**What is needed**
Transcribe only what runs from the line including "a q (Suc n)" through the last line of the entries, exactly as it appears.

**The data**
(* Write T_L(j) = q^((j-1)(j-2)/2) [2L+1, L+j] for the summands. Two applications of the q-Pascal
   rule give the three-term recurrence
     T_(L+1)(j) = q^(L+2) T_L(j+1) + (1 + q^(2L+2)) T_L(j) + q^L T_L(j-1),
   so the weighted sums S_L(w) = sum_j w(j) T_L(j) satisfy a recurrence in the shifted weights
   w(j - 1), w(j + 1). For the Legendre symbol chi mod 3, any three consecutive values sum to zero
   and chi has period 3, so S_L(chi) and S_L(chi(. - 1)) satisfy a closed linear recurrence, and
   their closed forms are proved together by induction on L. The quotient on the right-hand side
   is prod_(k<L) (1 - q^k + q^(2k)), because 1 + x^3 = (1 + x)(1 - x + x^2). *)

unbundle fps_syntax

lemma qpoch_0 [simp]: "qpoch a q 0 = 1"
  by (simp add: qpoch_def)

lemma qpoch_Suc: "qpoch a q (Suc n) = qpoch a q n * (1 - a * q ^ n)"
  by (simp add: qpoch_def)

definition phi6_prod :: "'a::comm_ring_1 \<Rightarrow> nat \<Rightarrow> 'a" where
  "phi6_prod q n = (\<Prod>k<n. 1 - q ^ k + q ^ (2 * k))"

lemma qpoch_minus_one_cube: "qpoch (-1) (q ^ 3) n = phi6_prod q n * qpoch (-1) q n"
proof (induction n)
  case 0
  then show ?case by (simp add: phi6_prod_def)
next
  case (Suc n)
  have "(q ^ 3) ^ n = (q ^ n) ^ 3" "q ^ (2 * n) = (q ^ n) ^ 2"
    by (simp_all flip: power_mult add: mult.commute)
  then have "1 + (q ^ 3) ^ n = (1 - q ^ n + q ^ (2 * n)) * (1 + q ^ n)"
    by (simp add: algebra_simps power2_eq_square power3_eq_cube)
  with Suc.IH show ?case
    by (simp add: qpoch_Suc phi6_prod_def mult_ac)
qed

**Answer**
lemma qpoch_Suc: "qpoch a q (Suc n) = qpoch a q n * (1 - a * q ^ n)"
  by (simp add: qpoch_def)

definition phi6_prod :: "'a::comm_ring_1 \<Rightarrow> nat \<Rightarrow> 'a" where
  "phi6_prod q n = (\<Prod>k<n. 1 - q ^ k + q ^ (2 * k))"

lemma qpoch_minus_one_cube: "qpoch (-1) (q ^ 3) n = phi6_prod q n * qpoch (-1) q n"
proof (induction n)
  case 0
  then show ?case by (simp add: phi6_prod_def)
next
  case (Suc n)
  have "(q ^ 3) ^ n = (q ^ n) ^ 3" "q ^ (2 * n) = (q ^ n) ^ 2"
    by (simp_all flip: power_mult add: mult.commute)
  then have "1 + (q ^ 3) ^ n = (1 - q ^ n + q ^ (2 * n)) * (1 + q ^ n)"
    by (simp add: algebra_simps power2_eq_square power3_eq_cube)
  with Suc.IH show ?case
    by (simp add: qpoch_Suc phi6_prod_def mult_ac)
qed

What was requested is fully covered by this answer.